• _TASK PROMPT_: When you reach the line containing "proof (cases v)" in the records below, start copying exactly, and stop once you have copied the line containing "section \<open>Counting derived".

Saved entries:
^^^^^^^^^^^^^^^^
lemma derived_Lgen_omega_omega:
  assumes "no_leading_zero zs"
  shows "Inr zs \<in> derived (Lgen a b) e \<longleftrightarrow> e \<le> Lgen_rank b (Inr zs)"
proof (cases "zs = []")
  case True
  show ?thesis
  proof (cases e)
    case 0 then show ?thesis using True by (simp add: Lgen_def Field_omega_omega)
  next
    case (Suc e')
    have "(1, 0, zeros (b + 1)) \<in> Field (blocks a b)" by (simp add: Field_blocks)
    then have nonempty: "Field (blocks a b) \<noteq> {}" by blast
    have "\<forall>u. \<not> rless omega_omega u []" by (auto simp: rless_def in_omega_omega)
    then have "Inr [] \<in> derived (Lgen a b) (Suc e') \<longleftrightarrow> cofinal (blocks a b) (derived (blocks a b) e')"
      unfolding Lgen_def by (intro derived_Suc_oplus_least nonempty) (simp add: Field_omega_omega)
    then show ?thesis using cofinal_derived_blocks[of a b e'] True Suc
      by (simp add: Lgen_rank_def less_Suc_eq_le)
  qed
next
  case False
  have "rless omega_omega [] zs" using False assms by (simp add: rless_def in_omega_omega)
  then have "Inr zs \<in> derived (Lgen a b) e \<longleftrightarrow> zs \<in> derived omega_omega e"
    unfolding Lgen_def by (rule derived_oplus_Inr)
  then show ?thesis using derived_omega_omega[OF assms False] False by (simp add: Lgen_rank_def)
qed

lemma derived_Lgen:
  assumes "v \<in> Field (Lgen a b)"
  shows "v \<in> derived (Lgen a b) e \<longleftrightarrow> e \<le> Lgen_rank b v"
proof (cases v)
  case (Inl q)
  obtain k c xs where q: "q = (k, c, xs)" by (cases q)
  have qF: "q \<in> Field (blocks a b)" using assms Inl by (simp add: Lgen_def)
  have "v \<in> derived (Lgen a b) e \<longleftrightarrow> q \<in> derived (blocks a b) e"
    using derived_oplus_Inl[OF qF] Inl by (simp add: Lgen_def)
  then show ?thesis using derived_Lgen_blocks qF q Inl by simp
next
  case (Inr zs)
  then show ?thesis using assms derived_Lgen_omega_omega by simp
qed

section \<open>Counting derived points below a point\<close>

definition last_derived_below :: "'a rel \<Rightarrow> nat \<Rightarrow> 'a \<Rightarrow> 'a \<Rightarrow> bool" where
  "last_derived_below r E x g \<longleftrightarrow> g \<in> derived r (Suc E) \<and> (g, x) \<in> r \<and>
     (\<forall>h\<in>derived r (Suc E). \<not> (rless r g h \<and> (h, x) \<in> r))"

definition derived_segment :: "'a rel \<Rightarrow> nat \<Rightarrow> 'a \<Rightarrow> 'a \<Rightarrow> 'a set" where
  "derived_segment r E x g = {w \<in> derived r E. (g, w) \<in> r \<and> rless r w x}"

definition derived_count :: "'a rel \<Rightarrow> nat \<Rightarrow> 'a \<Rightarrow> nat \<Rightarrow> bool" where
  "derived_count r E x n \<longleftrightarrow> (\<exists>g. last_derived_below r E x g) \<and>
     (\<forall>g. last_derived_below r E x g \<longrightarrow> card (derived_segment r E x g) = n)"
^^^^^^^^^^^^^^^^
• _EXERCISE RESPONSE_:
proof (cases v)
  case (Inl q)
  obtain k c xs where q: "q = (k, c, xs)" by (cases q)
  have qF: "q \<in> Field (blocks a b)" using assms Inl by (simp add: Lgen_def)
  have "v \<in> derived (Lgen a b) e \<longleftrightarrow> q \<in> derived (blocks a b) e"
    using derived_oplus_Inl[OF qF] Inl by (simp add: Lgen_def)
  then show ?thesis using derived_Lgen_blocks qF q Inl by simp
next
  case (Inr zs)
  then show ?thesis using assms derived_Lgen_omega_omega by simp
qed

section \<open>Counting derived points below a point\<close>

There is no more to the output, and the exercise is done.